# AIM OF THE TASK
Copy each line of the records below that mentions the word "refl".

##############################

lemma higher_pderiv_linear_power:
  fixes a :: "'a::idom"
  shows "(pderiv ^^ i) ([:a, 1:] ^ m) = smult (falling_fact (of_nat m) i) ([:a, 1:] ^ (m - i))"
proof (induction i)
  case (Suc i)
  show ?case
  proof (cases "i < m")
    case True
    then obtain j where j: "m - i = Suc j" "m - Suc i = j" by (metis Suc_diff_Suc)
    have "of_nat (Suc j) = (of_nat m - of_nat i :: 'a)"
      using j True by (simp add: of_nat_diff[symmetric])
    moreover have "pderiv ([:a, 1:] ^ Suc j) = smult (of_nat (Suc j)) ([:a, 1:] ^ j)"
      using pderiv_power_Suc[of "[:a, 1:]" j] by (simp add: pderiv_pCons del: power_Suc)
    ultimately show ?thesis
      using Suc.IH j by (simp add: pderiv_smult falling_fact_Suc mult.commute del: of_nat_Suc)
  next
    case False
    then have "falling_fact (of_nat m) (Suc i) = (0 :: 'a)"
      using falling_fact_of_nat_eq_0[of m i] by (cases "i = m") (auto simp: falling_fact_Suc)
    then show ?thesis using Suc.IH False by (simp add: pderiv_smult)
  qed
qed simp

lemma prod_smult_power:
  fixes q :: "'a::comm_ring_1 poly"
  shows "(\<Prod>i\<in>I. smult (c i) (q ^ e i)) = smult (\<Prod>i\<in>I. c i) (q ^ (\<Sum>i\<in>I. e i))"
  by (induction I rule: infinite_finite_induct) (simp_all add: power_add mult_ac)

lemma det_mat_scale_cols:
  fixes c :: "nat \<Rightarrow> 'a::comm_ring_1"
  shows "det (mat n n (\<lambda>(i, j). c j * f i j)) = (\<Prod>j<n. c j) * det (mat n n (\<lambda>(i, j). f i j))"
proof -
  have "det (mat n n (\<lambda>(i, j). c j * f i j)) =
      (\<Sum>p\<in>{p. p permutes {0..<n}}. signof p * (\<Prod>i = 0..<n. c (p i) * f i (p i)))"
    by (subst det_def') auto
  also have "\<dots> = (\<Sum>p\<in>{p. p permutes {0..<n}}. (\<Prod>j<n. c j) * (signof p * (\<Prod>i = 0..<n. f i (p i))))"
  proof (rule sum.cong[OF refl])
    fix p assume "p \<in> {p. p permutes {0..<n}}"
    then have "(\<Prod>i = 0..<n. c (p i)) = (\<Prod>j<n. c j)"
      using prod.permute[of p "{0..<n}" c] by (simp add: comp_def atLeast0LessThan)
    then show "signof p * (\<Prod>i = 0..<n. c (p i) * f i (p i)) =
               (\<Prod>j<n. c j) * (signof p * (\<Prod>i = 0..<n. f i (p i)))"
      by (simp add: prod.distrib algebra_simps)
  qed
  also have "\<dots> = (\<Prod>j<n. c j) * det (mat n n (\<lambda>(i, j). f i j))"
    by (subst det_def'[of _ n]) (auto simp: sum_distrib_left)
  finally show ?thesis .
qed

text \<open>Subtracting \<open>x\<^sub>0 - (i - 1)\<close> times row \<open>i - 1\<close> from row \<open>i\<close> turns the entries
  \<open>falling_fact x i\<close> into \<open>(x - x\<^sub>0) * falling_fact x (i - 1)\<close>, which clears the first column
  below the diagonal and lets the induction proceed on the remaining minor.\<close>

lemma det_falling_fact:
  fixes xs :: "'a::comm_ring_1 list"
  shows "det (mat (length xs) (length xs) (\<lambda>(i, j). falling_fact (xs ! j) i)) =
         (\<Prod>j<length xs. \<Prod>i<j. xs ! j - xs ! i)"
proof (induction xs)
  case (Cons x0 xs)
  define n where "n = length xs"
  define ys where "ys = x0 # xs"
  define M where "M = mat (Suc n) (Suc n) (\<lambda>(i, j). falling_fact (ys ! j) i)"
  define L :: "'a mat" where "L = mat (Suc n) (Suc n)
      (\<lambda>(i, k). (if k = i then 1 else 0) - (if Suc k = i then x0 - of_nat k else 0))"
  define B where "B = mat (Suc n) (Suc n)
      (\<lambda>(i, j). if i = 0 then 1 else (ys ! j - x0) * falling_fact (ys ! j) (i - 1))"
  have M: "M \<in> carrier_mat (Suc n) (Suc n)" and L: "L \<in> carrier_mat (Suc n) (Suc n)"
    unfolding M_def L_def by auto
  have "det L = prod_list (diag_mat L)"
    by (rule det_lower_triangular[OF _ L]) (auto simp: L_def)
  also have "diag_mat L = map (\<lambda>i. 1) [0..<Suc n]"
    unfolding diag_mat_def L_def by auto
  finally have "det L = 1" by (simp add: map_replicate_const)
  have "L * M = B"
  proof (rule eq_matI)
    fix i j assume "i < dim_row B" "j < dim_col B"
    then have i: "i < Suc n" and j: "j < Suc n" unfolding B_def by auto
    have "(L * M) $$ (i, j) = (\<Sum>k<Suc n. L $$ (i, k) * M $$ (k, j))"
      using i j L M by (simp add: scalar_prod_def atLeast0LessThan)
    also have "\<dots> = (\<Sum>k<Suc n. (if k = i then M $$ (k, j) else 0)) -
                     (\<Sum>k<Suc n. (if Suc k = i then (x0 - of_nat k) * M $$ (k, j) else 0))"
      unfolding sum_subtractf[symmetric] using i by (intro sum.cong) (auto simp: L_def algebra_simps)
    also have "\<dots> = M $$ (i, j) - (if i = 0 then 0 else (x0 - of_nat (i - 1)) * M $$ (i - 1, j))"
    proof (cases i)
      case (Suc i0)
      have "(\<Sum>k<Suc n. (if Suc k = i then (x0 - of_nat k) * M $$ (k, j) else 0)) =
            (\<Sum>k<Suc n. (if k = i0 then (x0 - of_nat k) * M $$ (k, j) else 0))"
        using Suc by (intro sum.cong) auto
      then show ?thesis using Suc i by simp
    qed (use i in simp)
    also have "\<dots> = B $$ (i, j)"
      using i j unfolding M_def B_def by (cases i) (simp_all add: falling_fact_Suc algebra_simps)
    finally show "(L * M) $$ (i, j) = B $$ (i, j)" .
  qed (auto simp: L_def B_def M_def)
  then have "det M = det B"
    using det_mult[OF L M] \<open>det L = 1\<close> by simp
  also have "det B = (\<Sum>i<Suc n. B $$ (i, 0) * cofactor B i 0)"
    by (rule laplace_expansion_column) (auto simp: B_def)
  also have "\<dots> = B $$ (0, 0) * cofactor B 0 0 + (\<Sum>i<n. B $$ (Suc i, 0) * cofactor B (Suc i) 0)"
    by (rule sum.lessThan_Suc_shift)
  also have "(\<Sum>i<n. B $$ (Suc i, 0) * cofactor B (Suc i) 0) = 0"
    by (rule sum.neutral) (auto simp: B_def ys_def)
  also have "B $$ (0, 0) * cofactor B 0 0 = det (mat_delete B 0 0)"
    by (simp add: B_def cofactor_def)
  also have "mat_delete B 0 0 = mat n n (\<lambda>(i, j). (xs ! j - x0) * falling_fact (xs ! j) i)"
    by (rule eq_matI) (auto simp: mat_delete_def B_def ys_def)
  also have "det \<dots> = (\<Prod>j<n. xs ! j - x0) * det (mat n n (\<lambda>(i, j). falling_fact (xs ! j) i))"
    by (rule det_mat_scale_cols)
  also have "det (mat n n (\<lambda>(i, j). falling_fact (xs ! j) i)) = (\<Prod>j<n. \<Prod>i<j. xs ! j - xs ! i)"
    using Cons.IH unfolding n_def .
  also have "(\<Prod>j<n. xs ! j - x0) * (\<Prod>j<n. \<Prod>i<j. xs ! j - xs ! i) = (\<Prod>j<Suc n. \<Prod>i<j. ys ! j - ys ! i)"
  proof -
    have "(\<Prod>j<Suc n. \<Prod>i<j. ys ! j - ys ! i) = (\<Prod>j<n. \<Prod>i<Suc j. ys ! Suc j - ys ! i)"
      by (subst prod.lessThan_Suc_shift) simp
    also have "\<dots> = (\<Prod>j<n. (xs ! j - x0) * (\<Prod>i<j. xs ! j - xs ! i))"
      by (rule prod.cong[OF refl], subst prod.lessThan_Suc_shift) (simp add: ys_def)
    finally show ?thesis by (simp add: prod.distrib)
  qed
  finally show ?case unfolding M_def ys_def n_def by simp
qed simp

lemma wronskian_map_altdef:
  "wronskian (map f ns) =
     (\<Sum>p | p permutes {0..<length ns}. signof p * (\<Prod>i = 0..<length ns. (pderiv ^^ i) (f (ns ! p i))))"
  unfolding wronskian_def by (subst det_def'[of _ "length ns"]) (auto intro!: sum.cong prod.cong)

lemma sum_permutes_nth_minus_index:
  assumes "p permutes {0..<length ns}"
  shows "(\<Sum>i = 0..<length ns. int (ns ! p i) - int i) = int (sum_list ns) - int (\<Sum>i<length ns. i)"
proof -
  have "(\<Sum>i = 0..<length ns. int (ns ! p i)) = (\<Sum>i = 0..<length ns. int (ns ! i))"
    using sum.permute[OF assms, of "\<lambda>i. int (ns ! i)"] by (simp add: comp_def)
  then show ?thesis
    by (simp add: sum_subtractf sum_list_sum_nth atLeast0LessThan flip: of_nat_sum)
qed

##############################

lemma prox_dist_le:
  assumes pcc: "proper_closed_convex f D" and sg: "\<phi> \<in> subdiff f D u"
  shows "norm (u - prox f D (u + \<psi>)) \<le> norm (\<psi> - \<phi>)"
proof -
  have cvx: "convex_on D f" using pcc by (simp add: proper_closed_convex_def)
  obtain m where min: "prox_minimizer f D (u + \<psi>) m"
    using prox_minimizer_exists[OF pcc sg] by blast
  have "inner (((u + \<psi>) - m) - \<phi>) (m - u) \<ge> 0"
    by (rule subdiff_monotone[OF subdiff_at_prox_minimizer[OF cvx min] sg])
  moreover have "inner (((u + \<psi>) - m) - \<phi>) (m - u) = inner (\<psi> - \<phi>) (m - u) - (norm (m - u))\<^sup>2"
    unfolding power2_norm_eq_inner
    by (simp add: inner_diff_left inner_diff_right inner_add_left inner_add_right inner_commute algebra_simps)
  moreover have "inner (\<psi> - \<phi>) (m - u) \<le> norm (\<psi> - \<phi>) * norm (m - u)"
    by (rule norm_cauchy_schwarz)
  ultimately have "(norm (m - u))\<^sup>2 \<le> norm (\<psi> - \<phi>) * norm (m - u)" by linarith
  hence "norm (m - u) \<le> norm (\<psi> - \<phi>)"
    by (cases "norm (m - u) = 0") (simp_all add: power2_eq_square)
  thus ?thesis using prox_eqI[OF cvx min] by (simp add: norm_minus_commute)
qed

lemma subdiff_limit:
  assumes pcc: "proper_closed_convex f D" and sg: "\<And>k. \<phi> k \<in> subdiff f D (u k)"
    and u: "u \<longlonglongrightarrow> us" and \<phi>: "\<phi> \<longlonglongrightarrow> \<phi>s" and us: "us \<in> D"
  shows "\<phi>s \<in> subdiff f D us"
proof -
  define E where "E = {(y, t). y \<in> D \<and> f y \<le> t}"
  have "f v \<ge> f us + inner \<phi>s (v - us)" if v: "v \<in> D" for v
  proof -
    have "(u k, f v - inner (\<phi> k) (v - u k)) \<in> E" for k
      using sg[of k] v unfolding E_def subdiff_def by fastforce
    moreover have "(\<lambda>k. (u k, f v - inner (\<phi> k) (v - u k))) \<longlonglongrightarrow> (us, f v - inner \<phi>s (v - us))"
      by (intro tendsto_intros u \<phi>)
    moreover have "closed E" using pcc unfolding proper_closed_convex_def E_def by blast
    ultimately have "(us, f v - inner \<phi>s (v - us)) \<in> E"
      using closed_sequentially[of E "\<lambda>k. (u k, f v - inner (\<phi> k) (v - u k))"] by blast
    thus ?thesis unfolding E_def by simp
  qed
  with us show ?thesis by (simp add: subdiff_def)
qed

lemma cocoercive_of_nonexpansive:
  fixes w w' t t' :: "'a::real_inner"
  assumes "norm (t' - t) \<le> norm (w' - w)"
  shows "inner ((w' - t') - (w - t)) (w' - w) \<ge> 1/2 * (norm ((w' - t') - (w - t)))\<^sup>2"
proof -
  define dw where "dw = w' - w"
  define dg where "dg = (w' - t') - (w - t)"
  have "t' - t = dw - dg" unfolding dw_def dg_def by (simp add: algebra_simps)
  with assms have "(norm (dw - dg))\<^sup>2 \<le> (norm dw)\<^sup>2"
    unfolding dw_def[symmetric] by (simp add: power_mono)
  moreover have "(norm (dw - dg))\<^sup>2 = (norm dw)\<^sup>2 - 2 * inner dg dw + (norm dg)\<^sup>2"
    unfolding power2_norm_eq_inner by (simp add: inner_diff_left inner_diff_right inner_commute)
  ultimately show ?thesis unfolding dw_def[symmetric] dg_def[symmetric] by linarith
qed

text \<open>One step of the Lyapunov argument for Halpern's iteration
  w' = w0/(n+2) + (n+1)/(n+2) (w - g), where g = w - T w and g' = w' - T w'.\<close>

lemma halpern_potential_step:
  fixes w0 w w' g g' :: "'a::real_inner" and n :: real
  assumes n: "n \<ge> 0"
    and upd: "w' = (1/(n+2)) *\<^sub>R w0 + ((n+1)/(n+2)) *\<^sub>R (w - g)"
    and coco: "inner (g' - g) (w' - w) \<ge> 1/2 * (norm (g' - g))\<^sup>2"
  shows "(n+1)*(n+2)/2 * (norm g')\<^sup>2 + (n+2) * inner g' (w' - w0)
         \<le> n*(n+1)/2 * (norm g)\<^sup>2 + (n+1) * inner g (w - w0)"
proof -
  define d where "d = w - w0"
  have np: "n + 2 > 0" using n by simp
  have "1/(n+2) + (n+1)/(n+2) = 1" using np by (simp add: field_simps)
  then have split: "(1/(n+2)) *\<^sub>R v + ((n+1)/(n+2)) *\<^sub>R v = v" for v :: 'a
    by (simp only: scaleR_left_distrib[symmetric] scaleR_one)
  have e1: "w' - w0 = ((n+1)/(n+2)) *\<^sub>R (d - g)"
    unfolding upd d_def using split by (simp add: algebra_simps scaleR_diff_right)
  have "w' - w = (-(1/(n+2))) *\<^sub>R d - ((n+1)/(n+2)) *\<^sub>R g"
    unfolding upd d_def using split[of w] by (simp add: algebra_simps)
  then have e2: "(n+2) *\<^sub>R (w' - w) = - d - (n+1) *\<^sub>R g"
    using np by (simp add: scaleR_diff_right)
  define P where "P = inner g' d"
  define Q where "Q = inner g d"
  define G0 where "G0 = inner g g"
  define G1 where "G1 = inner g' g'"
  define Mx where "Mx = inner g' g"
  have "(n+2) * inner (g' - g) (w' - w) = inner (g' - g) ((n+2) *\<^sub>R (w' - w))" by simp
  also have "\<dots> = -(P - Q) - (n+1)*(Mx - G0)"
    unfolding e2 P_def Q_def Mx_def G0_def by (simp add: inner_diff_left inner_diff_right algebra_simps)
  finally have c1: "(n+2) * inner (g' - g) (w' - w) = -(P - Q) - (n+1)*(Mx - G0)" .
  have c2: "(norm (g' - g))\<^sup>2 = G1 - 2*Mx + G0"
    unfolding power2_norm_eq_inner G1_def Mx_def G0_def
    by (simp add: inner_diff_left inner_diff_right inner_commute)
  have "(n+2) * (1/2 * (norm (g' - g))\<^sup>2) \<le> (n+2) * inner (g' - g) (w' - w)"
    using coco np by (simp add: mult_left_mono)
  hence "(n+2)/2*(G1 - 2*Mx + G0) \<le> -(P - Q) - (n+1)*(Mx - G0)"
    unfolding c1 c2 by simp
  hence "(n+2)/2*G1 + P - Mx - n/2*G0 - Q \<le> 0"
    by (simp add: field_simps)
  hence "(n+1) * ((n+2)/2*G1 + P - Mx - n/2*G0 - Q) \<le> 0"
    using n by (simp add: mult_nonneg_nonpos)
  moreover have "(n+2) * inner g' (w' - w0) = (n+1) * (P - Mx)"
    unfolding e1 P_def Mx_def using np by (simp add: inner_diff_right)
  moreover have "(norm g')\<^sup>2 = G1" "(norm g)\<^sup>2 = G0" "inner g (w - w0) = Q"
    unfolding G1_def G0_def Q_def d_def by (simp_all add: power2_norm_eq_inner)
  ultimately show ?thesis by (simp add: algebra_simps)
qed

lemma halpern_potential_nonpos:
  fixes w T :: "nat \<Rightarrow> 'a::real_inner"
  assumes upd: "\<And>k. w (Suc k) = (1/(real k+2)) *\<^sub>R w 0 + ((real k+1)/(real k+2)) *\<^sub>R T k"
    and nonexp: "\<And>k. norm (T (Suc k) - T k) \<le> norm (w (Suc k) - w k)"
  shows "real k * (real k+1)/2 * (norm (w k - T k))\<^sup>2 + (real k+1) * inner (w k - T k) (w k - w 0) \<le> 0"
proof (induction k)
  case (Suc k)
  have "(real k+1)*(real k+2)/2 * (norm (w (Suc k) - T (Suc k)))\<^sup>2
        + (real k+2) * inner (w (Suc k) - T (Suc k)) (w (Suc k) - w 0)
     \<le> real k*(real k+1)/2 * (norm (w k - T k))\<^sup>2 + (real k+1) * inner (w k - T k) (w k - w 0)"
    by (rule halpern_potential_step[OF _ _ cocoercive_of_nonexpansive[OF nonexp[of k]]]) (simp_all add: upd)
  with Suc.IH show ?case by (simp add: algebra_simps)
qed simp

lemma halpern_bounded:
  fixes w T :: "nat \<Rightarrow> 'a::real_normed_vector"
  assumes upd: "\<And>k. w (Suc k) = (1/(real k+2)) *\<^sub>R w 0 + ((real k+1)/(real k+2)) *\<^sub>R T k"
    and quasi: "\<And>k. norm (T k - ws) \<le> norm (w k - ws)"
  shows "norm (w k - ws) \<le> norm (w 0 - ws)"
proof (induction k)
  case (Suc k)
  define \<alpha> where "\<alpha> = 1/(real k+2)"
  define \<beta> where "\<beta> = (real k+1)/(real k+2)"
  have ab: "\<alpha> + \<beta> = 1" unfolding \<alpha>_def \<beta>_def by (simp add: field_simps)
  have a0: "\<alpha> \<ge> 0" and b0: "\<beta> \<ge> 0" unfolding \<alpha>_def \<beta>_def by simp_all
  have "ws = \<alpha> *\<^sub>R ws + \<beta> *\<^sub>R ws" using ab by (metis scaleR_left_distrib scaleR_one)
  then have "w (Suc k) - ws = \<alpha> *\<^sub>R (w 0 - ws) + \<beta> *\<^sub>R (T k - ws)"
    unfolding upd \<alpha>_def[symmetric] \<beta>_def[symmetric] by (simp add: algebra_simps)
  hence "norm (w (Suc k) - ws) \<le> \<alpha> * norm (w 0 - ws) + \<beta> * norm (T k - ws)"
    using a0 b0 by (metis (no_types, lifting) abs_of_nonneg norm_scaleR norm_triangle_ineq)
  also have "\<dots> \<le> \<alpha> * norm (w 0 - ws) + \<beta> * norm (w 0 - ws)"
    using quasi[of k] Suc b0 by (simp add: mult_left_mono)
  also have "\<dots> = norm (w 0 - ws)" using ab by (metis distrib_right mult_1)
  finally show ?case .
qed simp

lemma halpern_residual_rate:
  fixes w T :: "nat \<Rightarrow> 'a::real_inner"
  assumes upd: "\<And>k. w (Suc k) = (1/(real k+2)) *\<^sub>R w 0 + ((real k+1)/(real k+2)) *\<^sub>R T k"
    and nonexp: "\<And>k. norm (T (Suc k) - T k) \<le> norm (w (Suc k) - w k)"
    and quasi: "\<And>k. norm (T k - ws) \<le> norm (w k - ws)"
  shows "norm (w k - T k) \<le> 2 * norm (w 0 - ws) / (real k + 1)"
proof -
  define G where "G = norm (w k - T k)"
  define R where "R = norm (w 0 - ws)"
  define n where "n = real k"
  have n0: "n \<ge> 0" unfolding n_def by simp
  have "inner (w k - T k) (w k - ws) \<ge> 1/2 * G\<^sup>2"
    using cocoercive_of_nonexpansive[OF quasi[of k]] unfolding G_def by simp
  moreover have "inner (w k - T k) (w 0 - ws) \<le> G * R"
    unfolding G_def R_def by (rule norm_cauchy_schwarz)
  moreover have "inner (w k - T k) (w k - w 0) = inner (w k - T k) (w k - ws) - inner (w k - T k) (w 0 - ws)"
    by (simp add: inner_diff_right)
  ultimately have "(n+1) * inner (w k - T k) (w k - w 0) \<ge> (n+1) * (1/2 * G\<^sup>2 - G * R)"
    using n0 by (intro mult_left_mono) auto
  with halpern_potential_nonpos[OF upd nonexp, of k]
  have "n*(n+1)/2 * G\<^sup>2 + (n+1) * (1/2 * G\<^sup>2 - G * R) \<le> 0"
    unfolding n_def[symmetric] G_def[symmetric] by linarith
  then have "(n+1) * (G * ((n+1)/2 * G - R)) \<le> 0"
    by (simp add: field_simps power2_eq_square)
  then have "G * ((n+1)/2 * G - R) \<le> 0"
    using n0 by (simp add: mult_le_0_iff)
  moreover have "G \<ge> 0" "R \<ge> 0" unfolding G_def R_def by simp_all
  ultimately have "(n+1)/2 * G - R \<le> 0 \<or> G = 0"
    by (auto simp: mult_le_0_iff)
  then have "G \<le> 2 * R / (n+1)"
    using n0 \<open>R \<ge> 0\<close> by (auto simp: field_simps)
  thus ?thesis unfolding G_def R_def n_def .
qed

##############################

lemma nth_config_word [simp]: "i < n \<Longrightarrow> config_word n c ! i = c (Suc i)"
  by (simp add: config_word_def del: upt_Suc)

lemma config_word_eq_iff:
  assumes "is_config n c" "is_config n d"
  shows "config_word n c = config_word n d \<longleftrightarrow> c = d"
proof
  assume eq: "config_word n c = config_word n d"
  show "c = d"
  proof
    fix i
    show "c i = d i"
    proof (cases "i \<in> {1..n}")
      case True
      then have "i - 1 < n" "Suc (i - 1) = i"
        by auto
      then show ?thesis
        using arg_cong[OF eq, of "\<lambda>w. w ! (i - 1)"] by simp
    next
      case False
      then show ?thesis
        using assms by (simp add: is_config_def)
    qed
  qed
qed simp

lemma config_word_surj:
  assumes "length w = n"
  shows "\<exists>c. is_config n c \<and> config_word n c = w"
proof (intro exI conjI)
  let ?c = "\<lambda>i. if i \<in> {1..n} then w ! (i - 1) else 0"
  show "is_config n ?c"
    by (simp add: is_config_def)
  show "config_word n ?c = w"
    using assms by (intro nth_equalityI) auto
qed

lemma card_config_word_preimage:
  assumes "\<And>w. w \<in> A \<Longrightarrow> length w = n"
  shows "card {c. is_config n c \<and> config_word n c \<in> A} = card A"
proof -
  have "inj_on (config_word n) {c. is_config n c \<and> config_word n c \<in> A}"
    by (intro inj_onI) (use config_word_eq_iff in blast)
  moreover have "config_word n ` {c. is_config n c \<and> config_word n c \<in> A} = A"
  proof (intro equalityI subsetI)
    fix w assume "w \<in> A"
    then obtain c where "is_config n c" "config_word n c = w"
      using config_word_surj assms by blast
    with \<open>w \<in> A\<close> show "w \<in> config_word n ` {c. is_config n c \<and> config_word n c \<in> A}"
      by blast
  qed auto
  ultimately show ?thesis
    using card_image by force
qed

##############################

# RESPONSE BOX
  proof (rule sum.cong[OF refl])
      by (rule prod.cong[OF refl], subst prod.lessThan_Suc_shift) (simp add: ys_def)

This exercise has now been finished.